The ALJ improperly rejected Dr. Iannini's opinion that Plaintiff could work less than 2 hours in an 8-hour day. The vocational expert testified that Iannini's residual functional capacities equate to less than full-time work and less than sedentary work, and therefore there would be no jobs in the national economy that Plaintiff could perform if Dr. Iannini's opinions were controlling. Tr. 49.

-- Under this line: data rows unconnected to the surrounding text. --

definition coordinated ::
  "'a set \<Rightarrow> ('a \<Rightarrow> 'a \<Rightarrow> 'a) \<Rightarrow> ('a \<Rightarrow> 'a \<Rightarrow> 'a) \<Rightarrow> 'a \<Rightarrow> bool" where
  "coordinated S add mul zero \<longleftrightarrow>
     S_sub S mul zero zero \<noteq> {} \<and>
     (\<forall>\<alpha>\<in>Lambda S mul zero. \<exists>q. is_base S add mul zero \<alpha> q)"

definition standard_bases ::
  "'a set \<Rightarrow> ('a \<Rightarrow> 'a \<Rightarrow> 'a) \<Rightarrow> ('a \<Rightarrow> 'a \<Rightarrow> 'a) \<Rightarrow> 'a \<Rightarrow> 'a \<Rightarrow> bool" where
  "standard_bases S add mul zero one \<longleftrightarrow>
     coordinated S add mul zero \<and> s_commutative S mul \<and>
     (\<exists>q1. is_base S add mul zero one q1 \<and>
        (\<forall>\<alpha>\<in>Lambda S mul zero.
           is_base S add mul zero \<alpha> (ssub S add zero (mul \<alpha> (add q1 one)) one)))"

definition essential ::
  "'a set \<Rightarrow> ('a \<Rightarrow> 'a \<Rightarrow> 'a) \<Rightarrow> ('a \<Rightarrow> 'a \<Rightarrow> 'a) \<Rightarrow> 'a \<Rightarrow> 'a \<Rightarrow> bool" where
  "essential S add mul zero one \<longleftrightarrow>
     s_structure S add mul zero one \<and>
     s_commutative S mul \<and>
     wheel_distributive S add mul zero \<and>
     s_associative S add mul zero one \<and>
     standard_bases S add mul zero one \<and>
     zero \<in> S_sub S mul zero zero \<and> one \<in> S_sub S mul zero zero \<and>
     S_sub S mul zero zero = {mul one x | x. x \<in> S_sub S mul zero zero}"

definition is_unity :: "'a set \<Rightarrow> ('a \<Rightarrow> 'a \<Rightarrow> 'a) \<Rightarrow> 'a \<Rightarrow> 'a \<Rightarrow> bool" where
  "is_unity S mul zero e \<longleftrightarrow>
     e \<in> Lambda S mul zero \<and> (\<forall>s\<in>S. mul e s = s \<and> mul s e = s)"

definition s_ring ::
  "'a set \<Rightarrow> ('a \<Rightarrow> 'a \<Rightarrow> 'a) \<Rightarrow> ('a \<Rightarrow> 'a \<Rightarrow> 'a) \<Rightarrow> 'a \<Rightarrow> 'a \<Rightarrow> bool" where
  "s_ring S add mul zero one \<longleftrightarrow>
     essential S add mul zero one \<and> (\<exists>e. is_unity S mul zero e)"

definition regular :: "'a set \<Rightarrow> ('a \<Rightarrow> 'a \<Rightarrow> 'a) \<Rightarrow> 'a \<Rightarrow> bool" where
  "regular S mul zero \<longleftrightarrow>
     s_commutative S mul \<and> (\<forall>s\<in>S. mul zero s \<in> S_sub S mul zero zero)"

definition complete_regular :: "'a set \<Rightarrow> ('a \<Rightarrow> 'a \<Rightarrow> 'a) \<Rightarrow> 'a \<Rightarrow> bool" where
  "complete_regular S mul zero \<longleftrightarrow>
     regular S mul zero \<and>
     (\<forall>\<alpha>\<in>S_sub S mul zero zero. \<exists>s\<in>S. mul zero s = \<alpha>)"

end

theory Submission
  imports Defs
begin

text \<open>Wheel distributivity makes left multiplication by any \<open>s\<close> with \<open>s \<cdot> 0 = 0\<close> additive;
  in particular \<open>0 \<cdot> (-1) = 0\<close>, so \<open>-1 \<in> \<bbbS>\<^sub>0\<close>. S-Associativity with \<open>m = 0\<close> then reads
  \<open>0 \<cdot> (n \<cdot> s) = 0 \<cdot> s - [(-1)(n - 1)] \<cdot> (0 \<cdot> s)\<close> for \<open>n \<in> \<bbbS>\<^sub>0\<close>. Choosing \<open>u\<close> with
  \<open>0 \<cdot> u = e\<close> for the unity \<open>e\<close> and \<open>n = 0\<close> gives \<open>(-1)(-1) = e\<close>, hence \<open>0 \<cdot> (0 \<cdot> s) = 0\<close>:
  every element of \<open>\<Lambda>\<close> lies in \<open>\<bbbS>\<^sub>0\<close>. Conversely, writing \<open>\<alpha> = 1 \<cdot> x\<close> with \<open>x \<in> \<bbbS>\<^sub>0\<close>,
  the same identity with \<open>n = x\<close>, \<open>s = u\<close> gives \<open>0 \<cdot> (x \<cdot> u) = e - ((-1) \<cdot> x + e) = \<alpha>\<close>.\<close>

locale s_struct =
  fixes S :: "'a set" and add mul :: "'a \<Rightarrow> 'a \<Rightarrow> 'a" and zero one :: 'a
  assumes s_structure: "s_structure S add mul zero one"
begin

abbreviation neg :: "'a \<Rightarrow> 'a" where "neg \<equiv> sneg S add zero"

lemma add_closed: "s \<in> S \<Longrightarrow> t \<in> S \<Longrightarrow> add s t \<in> S"
  and add_assoc: "s \<in> S \<Longrightarrow> t \<in> S \<Longrightarrow> r \<in> S \<Longrightarrow> add (add s t) r = add s (add t r)"
  and add_commute: "s \<in> S \<Longrightarrow> t \<in> S \<Longrightarrow> add s t = add t s"
  and zero_closed: "zero \<in> S"
  and add_zero_left: "s \<in> S \<Longrightarrow> add zero s = s"
  and add_zero_right: "s \<in> S \<Longrightarrow> add s zero = s"
  and mul_closed: "s \<in> S \<Longrightarrow> t \<in> S \<Longrightarrow> mul s t \<in> S"
  and one_closed: "one \<in> S"
  using s_structure unfolding s_structure_def by auto

lemma neg_unique:
  assumes "s \<in> S" "t \<in> S" "add s t = zero"
  shows "neg s = t"
  unfolding sneg_def
proof (rule the_equality)
  fix t' assume t': "t' \<in> S \<and> add s t' = zero"
  have "t' = add (add t s) t'"
    using assms t' by (simp add: add_commute add_zero_left)
  also have "\<dots> = t"
    using assms t' by (simp add: add_assoc add_zero_right)
  finally show "t' = t" .
qed (use assms in simp)

lemma neg_closed: "s \<in> S \<Longrightarrow> neg s \<in> S"
  and add_neg: "s \<in> S \<Longrightarrow> add s (neg s) = zero"
proof -
  assume s: "s \<in> S"
  then obtain t where "t \<in> S" "add s t = zero"
    using s_structure unfolding s_structure_def by blast
  with s show "neg s \<in> S" "add s (neg s) = zero"
    using neg_unique by auto
qed

lemma neg_neg: "s \<in> S \<Longrightarrow> neg (neg s) = s"
  by (simp add: neg_unique neg_closed add_neg add_commute)

lemma neg_add:
  assumes "s \<in> S" "t \<in> S"
  shows "neg (add s t) = add (neg s) (neg t)"
proof (rule neg_unique)
  have "add t (add (neg s) (neg t)) = add (neg s) (add t (neg t))"
    using assms add_assoc[of t "neg s" "neg t"] add_assoc[of "neg s" t "neg t"]
      add_commute[of t "neg s"] by (simp add: neg_closed)
  then have "add (add s t) (add (neg s) (neg t)) = add (add s (neg s)) (add t (neg t))"
    using assms by (simp add: add_assoc add_closed neg_closed)
  then show "add (add s t) (add (neg s) (neg t)) = zero"
    using assms by (simp add: add_neg add_zero_left zero_closed)
qed (use assms in \<open>simp_all add: add_closed neg_closed\<close>)

lemma add_neg_add_neg_cancel:
  assumes "s \<in> S" "t \<in> S"
  shows "add t (neg (add (neg s) t)) = s"
proof -
  have "neg (add (neg s) t) = add (neg t) s"
    using assms by (simp add: neg_add neg_neg neg_closed add_commute)
  then have "add t (neg (add (neg s) t)) = add (add t (neg t)) s"
    using assms by (simp add: add_assoc neg_closed)
  then show ?thesis
    using assms by (simp add: add_neg add_zero_left)
qed

lemma ssub_eq: "ssub S add zero s t = add s (neg t)"
  unfolding ssub_def ..

end

locale comm_wheel_s_struct = s_struct +
  assumes commutative: "s_commutative S mul"
    and wheel: "wheel_distributive S add mul zero"
begin

abbreviation S0 :: "'a set" where "S0 \<equiv> S_sub S mul zero zero"

lemma mul_commute: "s \<in> S \<Longrightarrow> t \<in> S \<Longrightarrow> mul s t = mul t s"
  using commutative unfolding s_commutative_def by blast

lemma mem_S0_iff: "x \<in> S0 \<longleftrightarrow> x \<in> S \<and> mul zero x = zero"
  unfolding S_sub_def using mul_commute zero_closed by auto

lemma mul_add_right:
  assumes "s \<in> S" "t \<in> S" "r \<in> S" "mul s zero = zero"
  shows "mul s (add t r) = add (mul s t) (mul s r)"
  using wheel assms unfolding wheel_distributive_def
  by (metis add_closed add_zero_right mul_closed)

lemma mul_neg_right:
  assumes "s \<in> S" "t \<in> S" "mul s zero = zero"
  shows "mul s (neg t) = neg (mul s t)"
proof -
  have "add (mul s t) (mul s (neg t)) = mul s (add t (neg t))"
    using assms by (simp add: mul_add_right neg_closed)
  also have "\<dots> = zero"
    using assms by (simp add: add_neg)
  finally show ?thesis
    using assms by (metis neg_unique mul_closed neg_closed)
qed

The Court concludes that Dr. Iannini's opinion should have been credited. Because it is clear that the ALJ would be required to find Plaintiff disabled if Dr. Iannini's opinion is credited, see Benecke, 379 F.3d at 593-95, the Court will remand the case for an award of benefits. See Orn, 495 F.3d at 640 (remanding for an award of benefits where it was "`clear from the record that the ALJ would be required to determine the claimant disabled'") (citation omitted). A remand for further proceedings is not warranted.
Accordingly,
IT IS ORDERED:
1. Defendant's decision denying benefits is reversed.
2. The case is remanded to Defendant for an award of benefits.
3. The Clerk is directed to enter judgment accordingly.